I stopped the tape. "Let's pause here for a moment. Did you reload the stud gun?"

She thought about it before answering. Surely, she knew there would be more sounds of the nails thunking into wood. "Yes, I believe I did."

"Once or more than once."

"Just once."

"With a clip of ten bullets? I believe Mr. Russo testified each clip had ten ,27-caliber bullets."

"Yes, that's right."

"And after you reloaded, Mr. Cimarron continued to fire nails at me, didn't he?"

"Not at you, near you. He just wanted to frighten you, to teach you a lesson. You wanted to kill him, and you did."

"How did I manage to get the stud gun away from him?"

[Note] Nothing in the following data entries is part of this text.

definition padic_field :: "('a::field \<Rightarrow> int) \<Rightarrow> nat \<Rightarrow> nat \<Rightarrow> bool" where
  "padic_field v p q \<longleftrightarrow>
     CHAR('a) = 0 \<and>
     (\<forall>x y. x \<noteq> 0 \<longrightarrow> y \<noteq> 0 \<longrightarrow> v (x * y) = v x + v y) \<and>
     (\<forall>x y. x \<noteq> 0 \<longrightarrow> y \<noteq> 0 \<longrightarrow> x + y \<noteq> 0 \<longrightarrow> v (x + y) \<ge> min (v x) (v y)) \<and>
     (\<exists>\<pi>::'a. \<pi> \<noteq> 0 \<and> v \<pi> = 1) \<and>
     (\<forall>X::nat \<Rightarrow> 'a.
        (\<forall>N::int. \<exists>M. \<forall>m\<ge>M. \<forall>n\<ge>M. ereal (real_of_int N) \<le> val v (X m - X n)) \<longrightarrow>
        (\<exists>L. \<forall>N::int. \<exists>M. \<forall>m\<ge>M. ereal (real_of_int N) \<le> val v (X m - L))) \<and>
     prime p \<and> val v (of_nat p) > 0 \<and>
     finite (residue_field v) \<and> card (residue_field v) = q"

definition absv :: "('a::field \<Rightarrow> int) \<Rightarrow> nat \<Rightarrow> 'a \<Rightarrow> real" where
  "absv v q x = (if x = 0 then 0 else real q powr (- real_of_int (v x)))"

definition mtrace :: "'a::comm_ring_1^2^2 \<Rightarrow> 'a" where
  "mtrace g = g $ 1 $ 1 + g $ 2 $ 2"

definition mpow :: "'a::comm_ring_1^2^2 \<Rightarrow> nat \<Rightarrow> 'a^2^2" where
  "mpow g n = ((\<lambda>A. A ** g) ^^ n) (mat 1)"

definition GL2_O :: "('a::field \<Rightarrow> int) \<Rightarrow> ('a^2^2) set" where
  "GL2_O v = {g. (\<forall>i j. g $ i $ j \<in> ring_of_integers v) \<and> det g \<noteq> 0 \<and> val v (det g) = 0}"

definition Iwahori :: "('a::field \<Rightarrow> int) \<Rightarrow> ('a^2^2) set" where
  "Iwahori v = {g \<in> GL2_O v. val v (g $ 1 $ 2) > 0}"

text \<open>Regular semisimple elements of GL_2(F): invertible with distinct eigenvalues
(in an algebraic closure), i.e. nonzero discriminant of the characteristic polynomial.\<close>
definition regular_semisimple :: "'a::field^2^2 \<Rightarrow> bool" where
  "regular_semisimple g \<longleftrightarrow> det g \<noteq> 0 \<and> (mtrace g)^2 - 4 * det g \<noteq> 0"

text \<open>Weyl discriminant: for eigenvalues l1, l2,
 |det(1 - Ad g) on gl2/gl2_g| = |(1 - l1/l2)(1 - l2/l1)| = |(tr^2 - 4 det)/det|.\<close>
definition weyl_disc :: "('a::field \<Rightarrow> int) \<Rightarrow> nat \<Rightarrow> 'a^2^2 \<Rightarrow> real" where
  "weyl_disc v q g = absv v q (((mtrace g)^2 - 4 * det g) / det g)"

text \<open>Points of the (extended) Bruhat--Tits building of GL_2(F) are the splittable norms on F^2
(Goldman--Iwahori / Bruhat--Tits): given a basis (columns of B, det B nonzero) and reals a1, a2,
the norm of w = B x is min(val x1 + a1, val x2 + a2).\<close>
definition bnorm :: "('a::field \<Rightarrow> int) \<Rightarrow> real \<Rightarrow> real \<Rightarrow> 'a^2 \<Rightarrow> ereal" where
  "bnorm v a1 a2 x = min (val v (x $ 1) + ereal a1) (val v (x $ 2) + ereal a2)"

definition MP_filt :: "('a::field \<Rightarrow> int) \<Rightarrow> 'a^2^2 \<Rightarrow> real \<Rightarrow> real \<Rightarrow> real \<Rightarrow> ('a^2^2) set" where
  "MP_filt v B a1 a2 r = {g. det g \<noteq> 0 \<and>
     (\<forall>x y. g *v (B *v x) = B *v y \<longrightarrow> bnorm v a1 a2 y = bnorm v a1 a2 x) \<and>
     (\<forall>x y. (g - mat 1) *v (B *v x) = B *v y \<longrightarrow> bnorm v a1 a2 y \<ge> bnorm v a1 a2 x + ereal r)}"

definition depth :: "('a::field \<Rightarrow> int) \<Rightarrow> 'a^2^2 \<Rightarrow> real" where
  "depth v g = Sup (insert 0 {r. r \<ge> 0 \<and>
      (\<exists>B a1 a2. det B \<noteq> 0 \<and> g \<in> MP_filt v B a1 a2 r)})"

definition max_depth :: "('a::field \<Rightarrow> int) \<Rightarrow> 'a^2^2 \<Rightarrow> real" where
  "max_depth v g = Sup {depth v (mat z ** g) | z. z \<noteq> 0}"

end

(* Write s = tr g and d = det g. By Cayley--Hamilton the powers of g are governed by the Lucas
   sequence of X^2 - s X + d: g^n = U_n g - d U_(n-1), so det (g^n) = d^n and
   disc (g^n) = U_n^2 disc g. For g in GL_2(O) and p <> 2 both the maximal depth and the Weyl
   discriminant depend only on ord (disc g): the maximal depth is ord (disc g) / 2 (if z g lies in
   G_(x,r), the Moy--Prasad lattice estimates give 2 r <= ord (disc g); after scaling g to trace 2,
   an explicit point x of the building attains this), and D(g) = |disc g / det g|. Hence it
   suffices that U_n is a unit, which is decided modulo the maximal ideal according to how
   X^2 - s X + d factors over the residue field F_q. For a double root l, U_n = n l^(n-1) with
   n a unit as gcd (n, q) = 1; for distinct roots r, r' in F_q, U_n = 0 would force r^n = r'^n, but
   x -> x^n is injective on F_q^* as gcd (n, q - 1) = 1; for an irreducible polynomial the same
   argument runs in F_(q^2)^*, using gcd (n, q^2 - 1) = 1. *)

theory Submission
  imports Defs
begin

She didn't want to answer. Get her off the script, she isn't ready. "It's all so confusing now, and listening to this, hearing his voice, it's all so very upsetting." Tears welled in her eyes.

"Your Honor," McBain said. "It might be a propitious time for a recess."

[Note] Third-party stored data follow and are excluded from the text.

lemma
  assumes "u \<in> verts n" and "0 < m" and "m \<le> real (deg n E u)" and "q \<in> {0..1}" and "0 \<le> \<epsilon>"
  shows prob_blue_degree_le:
      "measure_pmf.prob (Pi_pmf (verts n) False (\<lambda>_. bernoulli_pmf q))
         {c. real (blue_degree n E c u) \<le> (q - \<epsilon>) * real (deg n E u)} \<le> exp (- 2 * m * \<epsilon>\<^sup>2)"
    and prob_blue_degree_ge:
      "measure_pmf.prob (Pi_pmf (verts n) False (\<lambda>_. bernoulli_pmf q))
         {c. (q + \<epsilon>) * real (deg n E u) \<le> real (blue_degree n E c u)} \<le> exp (- 2 * m * \<epsilon>\<^sup>2)"
proof -
  have deg_pos: "0 < real (deg n E u)"
    using assms(2,3) by linarith
  then have card_pos: "0 < card (nbhd n E u)"
    by (simp add: deg_def)
  have exp_le: "exp (- 2 * real (deg n E u) * \<epsilon>\<^sup>2) \<le> exp (- 2 * m * \<epsilon>\<^sup>2)"
    using assms(3) by (simp add: mult_right_mono)
  have "measure_pmf.prob (Pi_pmf (verts n) False (\<lambda>_. bernoulli_pmf q))
      {c. real (blue_degree n E c u) \<le> (q - \<epsilon>) * real (deg n E u)} \<le> exp (- 2 * real (deg n E u) * \<epsilon>\<^sup>2)"
    using prob_Pi_bernoulli_fraction_le[OF finite_verts nbhd_subset_verts assms(4) card_pos assms(5)]
      deg_pos by (simp add: deg_def pos_divide_le_eq)
  then show "measure_pmf.prob (Pi_pmf (verts n) False (\<lambda>_. bernoulli_pmf q))
      {c. real (blue_degree n E c u) \<le> (q - \<epsilon>) * real (deg n E u)} \<le> exp (- 2 * m * \<epsilon>\<^sup>2)"
    using exp_le by (rule order_trans)
  have "measure_pmf.prob (Pi_pmf (verts n) False (\<lambda>_. bernoulli_pmf q))
      {c. (q + \<epsilon>) * real (deg n E u) \<le> real (blue_degree n E c u)} \<le> exp (- 2 * real (deg n E u) * \<epsilon>\<^sup>2)"
    using prob_Pi_bernoulli_fraction_ge[OF finite_verts nbhd_subset_verts assms(4) card_pos assms(5)]
      deg_pos by (simp add: deg_def pos_le_divide_eq)
  then show "measure_pmf.prob (Pi_pmf (verts n) False (\<lambda>_. bernoulli_pmf q))
      {c. (q + \<epsilon>) * real (deg n E u) \<le> real (blue_degree n E c u)} \<le> exp (- 2 * m * \<epsilon>\<^sup>2)"
    using exp_le by (rule order_trans)
qed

"No, Your Honor! It's a propitious time for the prosecutor to coach the witness."

McBain puffed out his chest. "I resent that, Mr. Lassiter. We don't insult lawyers like that in Pitkin County."

"In Miami," I told him, "that'd be considered a compliment."

"All right, you two, that's enough." Judge Witherspoon was pointing at me and glaring at McBain, an evenhanded way of getting order, sort of like throwing a flag for unsportsmanlike conduct on both teams. "I don't like to interrupt the flow of a lawyer's cross-examination. Let's proceed."

"Now, Mrs. Cimarron, so that the jury is clear on this issue, you only loaded one clip into the stud gun?"

"Yes, I just said that."

"Did Mr. Cimarron ever reload?"

"No."

"Did I?"

"No."

"Okay, I'm going to start the tape again, and this time, let's count. Each time we hear a nail shot, I'm going to keep track right here." I positioned a blackboard in front of the jury, grabbed a piece of chalk, and nodded to Patterson, who hit the play button.

"Bang," said the voice of Kit Carson Cimarron. The jury looked puzzled, but I remembered his taunt, pretending to shoot me while pointing at my heart.

Whomp, a pause, and whomp again. I put two vertical lines on the chalkboard, and on the tape, the sound of the corn crashing onto me. A moment passed. Indistinguishable sounds. I heard myself grunt. Cimarron had dragged me out of the corncrib and was sitting on my chest. He jammed the stud gun along my neck, and I felt a chill now, remembering . . .

Whomp. A nail pinned my sweatshirt to the floor.

"Maybe the lawyer needs a haircut." Another shot skimming my head. Another I remembered just below my crotch, and I winced now with the sound of it. Now, I had four vertical lines and a diagonal one crossing them.

Another shot by my kneecap, one by my foot, one alongside each temple, as he outlined me, like the silhouette of a body at a homicide scene. Then one last nail between the fingers of my hand. Five more lines. I stopped the tape.

"How many shots is that?"

"I counted ten."

"Ah, our numbers coincide. I guess the gun is out of bullets, is it not?"

She knew where I was going. "You must have reloaded."

"I must have? A moment ago, you said I didn't. You told this jury that no one reloaded."

"I must have been wrong."

"Let's see what else you were wrong about. Now who was shooting at whom in the little exchange we just heard?"